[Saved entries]
(* For any ultradiscrete ballean $(X,\mathcal E_X)$ we have $\operatorname{add}(\mathcal B_X)<\operatorname{cof}(\mathcal B_X)$.
   Context: A ballean is a pair $(X,\mathcal E_X)$ where $X$ is a set and $\mathcal E_X$ is a family of subsets of $X\times X$ (entourages) such that: each $E\in\mathcal E_X$ contains the diagonal $\Delta_X$; for any $E,F\in\mathcal E_X$ there is $D\in\mathcal E_X$ with $E\circ F^{-1}\subset D$; and $\bigcup\mathcal E_X=X\times X$. For $E\in\mathcal E_X$, $x\in X$, $A\subset X$: $E[x]=\{y:(x,y)\in E\}$, $E[A]=\bigcup_{a\in A}E[a]$. $B\subset X$ is bounded if $B\subset E[x]$ for some $E\in\mathcal E_X$, $x\in X$; $\mathcal B_X$ is the family of bounded sets, ordered by inclusion. Sets $A,B$ are asymptotically disjoint if $E[A]\cap E[B]\in\mathcal B_X$ for all $E\in\mathcal E_X$. $X$ is ultranormal if it contains no two unbounded asymptotically disjoint sets. $X$ is discrete if $X$ is unbounded and for every $E\in\mathcal E_X$ there is a bounded $B_E\subset X$ with $E[x]=\{x\}$ for all $x\in X\setminus B_E$; ultradiscrete means discrete and ultranormal. For a poset $P$, $\operatorname{add}(P)$ is the least cardinality of a subset without upper bound and $\operatorname{cof}(P)$ the least cardinality of a cofinal subset. *)

theory Defs
  imports Main
begin

unbundle cardinal_syntax

definition ballean :: "'a set \<Rightarrow> ('a \<times> 'a) set set \<Rightarrow> bool" where
  "ballean X \<E> \<longleftrightarrow>
     (\<forall>E\<in>\<E>. E \<subseteq> X \<times> X \<and> Id_on X \<subseteq> E) \<and>
     (\<forall>E\<in>\<E>. \<forall>F\<in>\<E>. \<exists>D\<in>\<E>. E O F\<inverse> \<subseteq> D) \<and>
     \<Union>\<E> = X \<times> X"
(* Let $P$ be a poset. (1) If $I$ is a non-empty index set and $\mathcal{U}_i$ is a frame-generating join-specification for $P$ for each $i\in I$, then $\bigcup_{i\in I}\mathcal{U}_i$ is frame-generating. (2) Even finite unions of maximal frame-generating join-specifications need not be maximal: there exist a poset $Q$ and maximal frame-generating join-specifications $\mathcal{U}_1,\mathcal{U}_2$ for $Q$ such that $\mathcal{U}_1\cup\mathcal{U}_2$ is not maximal. (3) If $I$ is a non-empty index set and $\mathcal{U}_i$ is a maximal frame-generating join-specification for $P$ for each $i\in I$, then $\bigcap_{i\in I}\mathcal{U}_i$ is a maximal frame-generating join-specification. (4) Even finite intersections of frame-generating join-specifications need not be frame-generating: there exist a poset $Q$ and frame-generating join-specifications $\mathcal{U}_1,\mathcal{U}_2$ for $Q$ such that $\mathcal{U}_1\cap\mathcal{U}_2$ is not frame-generating.
   Context: A join-specification for a poset $P$ is a set $\mathcal{U}\subseteq\wp(P)$ such that $\bigvee S$ exists in $P$ for every $S\in\mathcal{U}$, and $\{p\}\in\mathcal{U}$ for every $p\in P$. A $\mathcal{U}$-ideal is a down-closed $C\subseteq P$ such that $\bigvee S\in C$ whenever $S\in\mathcal{U}$ and $S\subseteq C$. $\mathcal{I}_{\mathcal{U}}$ is the complete lattice of $\mathcal{U}$-ideals ordered by inclusion; $\Gamma_{\mathcal{U}}(S)$ is the smallest $\mathcal{U}$-ideal containing $S$. $\mathcal{U}^+=\{S\subseteq P:\bigvee S\text{ exists and }\bigvee S\in\Gamma_{\mathcal{U}}(S)\}$, and $\mathcal{U}$ is maximal if $\mathcal{U}=\mathcal{U}^+$. $\mathcal{U}$ is frame-generating if $\mathcal{I}_{\mathcal{U}}$ is a frame (a complete lattice satisfying $x\wedge\bigvee Y=\bigvee_{y\in Y}(x\wedge y)$). *)

theory Defs
  imports Main
begin

text \<open>A poset is a carrier P with a relation r satisfying the library predicate
  partial_order_on P r; (x,y) \<in> r means x \<le> y.\<close>

definition is_lub :: "'a set \<Rightarrow> 'a rel \<Rightarrow> 'a set \<Rightarrow> 'a \<Rightarrow> bool" where
  "is_lub P r S x \<longleftrightarrow> x \<in> P \<and> (\<forall>s\<in>S. (s, x) \<in> r)
     \<and> (\<forall>y\<in>P. (\<forall>s\<in>S. (s, y) \<in> r) \<longrightarrow> (x, y) \<in> r)"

# Try it
From the line holding "rel \<Rightarrow> 'a" down to the last line of the records above, restate each line exactly as written.

# Problem solution
definition is_lub :: "'a set \<Rightarrow> 'a rel \<Rightarrow> 'a set \<Rightarrow> 'a \<Rightarrow> bool" where
  "is_lub P r S x \<longleftrightarrow> x \<in> P \<and> (\<forall>s\<in>S. (s, x) \<in> r)
     \<and> (\<forall>y\<in>P. (\<forall>s\<in>S. (s, y) \<in> r) \<longrightarrow> (x, y) \<in> r)"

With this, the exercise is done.